### Provided information
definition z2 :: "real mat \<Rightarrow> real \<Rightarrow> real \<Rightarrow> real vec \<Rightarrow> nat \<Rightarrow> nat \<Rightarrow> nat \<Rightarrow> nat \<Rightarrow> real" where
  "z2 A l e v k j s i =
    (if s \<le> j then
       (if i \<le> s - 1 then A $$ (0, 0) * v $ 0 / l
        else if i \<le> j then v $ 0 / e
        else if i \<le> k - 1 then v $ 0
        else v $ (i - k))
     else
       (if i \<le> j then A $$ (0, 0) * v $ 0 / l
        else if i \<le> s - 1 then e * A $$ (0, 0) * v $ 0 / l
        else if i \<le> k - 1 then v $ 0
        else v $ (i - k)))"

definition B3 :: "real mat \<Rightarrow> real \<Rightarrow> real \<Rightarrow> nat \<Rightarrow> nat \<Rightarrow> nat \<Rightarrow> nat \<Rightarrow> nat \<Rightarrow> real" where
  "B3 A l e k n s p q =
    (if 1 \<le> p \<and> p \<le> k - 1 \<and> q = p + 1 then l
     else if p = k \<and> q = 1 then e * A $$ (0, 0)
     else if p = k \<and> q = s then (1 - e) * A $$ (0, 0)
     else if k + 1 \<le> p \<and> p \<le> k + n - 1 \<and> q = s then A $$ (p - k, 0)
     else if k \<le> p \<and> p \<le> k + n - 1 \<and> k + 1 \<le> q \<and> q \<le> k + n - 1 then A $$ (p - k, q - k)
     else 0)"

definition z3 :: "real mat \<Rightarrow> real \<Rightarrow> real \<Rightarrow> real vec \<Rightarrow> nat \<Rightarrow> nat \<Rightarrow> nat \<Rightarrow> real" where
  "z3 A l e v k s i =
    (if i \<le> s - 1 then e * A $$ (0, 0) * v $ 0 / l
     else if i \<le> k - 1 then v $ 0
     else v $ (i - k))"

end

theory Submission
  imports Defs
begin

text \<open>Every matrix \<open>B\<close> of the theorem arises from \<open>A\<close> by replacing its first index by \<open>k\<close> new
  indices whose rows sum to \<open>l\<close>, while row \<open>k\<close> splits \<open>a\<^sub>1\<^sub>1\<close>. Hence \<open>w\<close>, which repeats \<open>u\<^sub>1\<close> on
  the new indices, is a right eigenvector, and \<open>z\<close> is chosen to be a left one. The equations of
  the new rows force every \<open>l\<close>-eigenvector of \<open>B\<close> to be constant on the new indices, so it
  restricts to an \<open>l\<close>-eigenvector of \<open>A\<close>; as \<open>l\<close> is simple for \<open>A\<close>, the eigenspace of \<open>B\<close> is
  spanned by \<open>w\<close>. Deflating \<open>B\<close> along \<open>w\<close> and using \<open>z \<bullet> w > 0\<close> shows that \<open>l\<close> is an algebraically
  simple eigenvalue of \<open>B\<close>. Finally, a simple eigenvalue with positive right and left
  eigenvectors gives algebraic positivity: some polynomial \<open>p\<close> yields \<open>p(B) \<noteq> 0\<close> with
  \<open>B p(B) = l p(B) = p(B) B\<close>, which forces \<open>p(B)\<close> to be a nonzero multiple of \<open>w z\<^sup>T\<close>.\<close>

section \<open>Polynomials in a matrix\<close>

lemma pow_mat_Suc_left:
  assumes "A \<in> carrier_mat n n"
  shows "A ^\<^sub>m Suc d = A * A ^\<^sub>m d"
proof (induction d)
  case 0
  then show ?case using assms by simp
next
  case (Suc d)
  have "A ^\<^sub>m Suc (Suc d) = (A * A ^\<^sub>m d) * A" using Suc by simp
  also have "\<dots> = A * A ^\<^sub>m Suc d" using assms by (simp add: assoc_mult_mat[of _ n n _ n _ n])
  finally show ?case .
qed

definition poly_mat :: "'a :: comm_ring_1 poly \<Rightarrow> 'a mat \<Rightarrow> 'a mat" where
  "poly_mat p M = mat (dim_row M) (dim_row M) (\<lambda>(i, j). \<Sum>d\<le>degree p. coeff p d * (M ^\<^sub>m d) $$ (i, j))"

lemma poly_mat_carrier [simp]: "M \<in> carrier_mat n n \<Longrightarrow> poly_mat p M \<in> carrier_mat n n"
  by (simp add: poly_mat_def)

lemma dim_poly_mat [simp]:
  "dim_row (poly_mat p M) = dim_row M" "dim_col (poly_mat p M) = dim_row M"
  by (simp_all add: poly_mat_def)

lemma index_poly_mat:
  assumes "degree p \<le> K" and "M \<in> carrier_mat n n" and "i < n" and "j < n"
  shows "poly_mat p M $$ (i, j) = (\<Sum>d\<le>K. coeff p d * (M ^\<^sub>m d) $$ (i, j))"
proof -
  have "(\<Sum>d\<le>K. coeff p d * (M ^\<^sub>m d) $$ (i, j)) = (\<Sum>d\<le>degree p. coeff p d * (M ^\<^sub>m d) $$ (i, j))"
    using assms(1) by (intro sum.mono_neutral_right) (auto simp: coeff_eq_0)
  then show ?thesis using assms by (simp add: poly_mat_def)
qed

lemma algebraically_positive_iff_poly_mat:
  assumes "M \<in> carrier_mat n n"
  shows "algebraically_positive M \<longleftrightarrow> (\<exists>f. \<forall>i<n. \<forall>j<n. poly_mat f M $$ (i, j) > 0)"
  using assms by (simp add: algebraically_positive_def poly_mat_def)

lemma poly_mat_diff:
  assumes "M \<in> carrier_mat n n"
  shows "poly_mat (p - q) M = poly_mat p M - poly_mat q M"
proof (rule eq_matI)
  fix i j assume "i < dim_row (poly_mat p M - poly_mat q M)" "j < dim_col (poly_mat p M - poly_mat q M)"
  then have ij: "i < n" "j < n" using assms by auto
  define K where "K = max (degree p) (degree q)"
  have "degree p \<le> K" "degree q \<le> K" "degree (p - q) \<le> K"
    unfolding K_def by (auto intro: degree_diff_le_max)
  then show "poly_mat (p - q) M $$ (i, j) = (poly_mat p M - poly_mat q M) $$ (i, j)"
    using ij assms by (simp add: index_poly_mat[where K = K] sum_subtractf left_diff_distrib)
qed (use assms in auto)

### Problem details
Considering only the material above, set down every line from the one with "simple eigenvalue of" to the one with "using assms by (simp add: algebraically_positive_def", inclusive, exactly as written.

### Worked solution
  simple eigenvalue of \<open>B\<close>. Finally, a simple eigenvalue with positive right and left
  eigenvectors gives algebraic positivity: some polynomial \<open>p\<close> yields \<open>p(B) \<noteq> 0\<close> with
  \<open>B p(B) = l p(B) = p(B) B\<close>, which forces \<open>p(B)\<close> to be a nonzero multiple of \<open>w z\<^sup>T\<close>.\<close>

section \<open>Polynomials in a matrix\<close>

lemma pow_mat_Suc_left:
  assumes "A \<in> carrier_mat n n"
  shows "A ^\<^sub>m Suc d = A * A ^\<^sub>m d"
proof (induction d)
  case 0
  then show ?case using assms by simp
next
  case (Suc d)
  have "A ^\<^sub>m Suc (Suc d) = (A * A ^\<^sub>m d) * A" using Suc by simp
  also have "\<dots> = A * A ^\<^sub>m Suc d" using assms by (simp add: assoc_mult_mat[of _ n n _ n _ n])
  finally show ?case .
qed

definition poly_mat :: "'a :: comm_ring_1 poly \<Rightarrow> 'a mat \<Rightarrow> 'a mat" where
  "poly_mat p M = mat (dim_row M) (dim_row M) (\<lambda>(i, j). \<Sum>d\<le>degree p. coeff p d * (M ^\<^sub>m d) $$ (i, j))"

lemma poly_mat_carrier [simp]: "M \<in> carrier_mat n n \<Longrightarrow> poly_mat p M \<in> carrier_mat n n"
  by (simp add: poly_mat_def)

lemma dim_poly_mat [simp]:
  "dim_row (poly_mat p M) = dim_row M" "dim_col (poly_mat p M) = dim_row M"
  by (simp_all add: poly_mat_def)

lemma index_poly_mat:
  assumes "degree p \<le> K" and "M \<in> carrier_mat n n" and "i < n" and "j < n"
  shows "poly_mat p M $$ (i, j) = (\<Sum>d\<le>K. coeff p d * (M ^\<^sub>m d) $$ (i, j))"
proof -
  have "(\<Sum>d\<le>K. coeff p d * (M ^\<^sub>m d) $$ (i, j)) = (\<Sum>d\<le>degree p. coeff p d * (M ^\<^sub>m d) $$ (i, j))"
    using assms(1) by (intro sum.mono_neutral_right) (auto simp: coeff_eq_0)
  then show ?thesis using assms by (simp add: poly_mat_def)
qed

lemma algebraically_positive_iff_poly_mat:
  assumes "M \<in> carrier_mat n n"
  shows "algebraically_positive M \<longleftrightarrow> (\<exists>f. \<forall>i<n. \<forall>j<n. poly_mat f M $$ (i, j) > 0)"
  using assms by (simp add: algebraically_positive_def poly_mat_def)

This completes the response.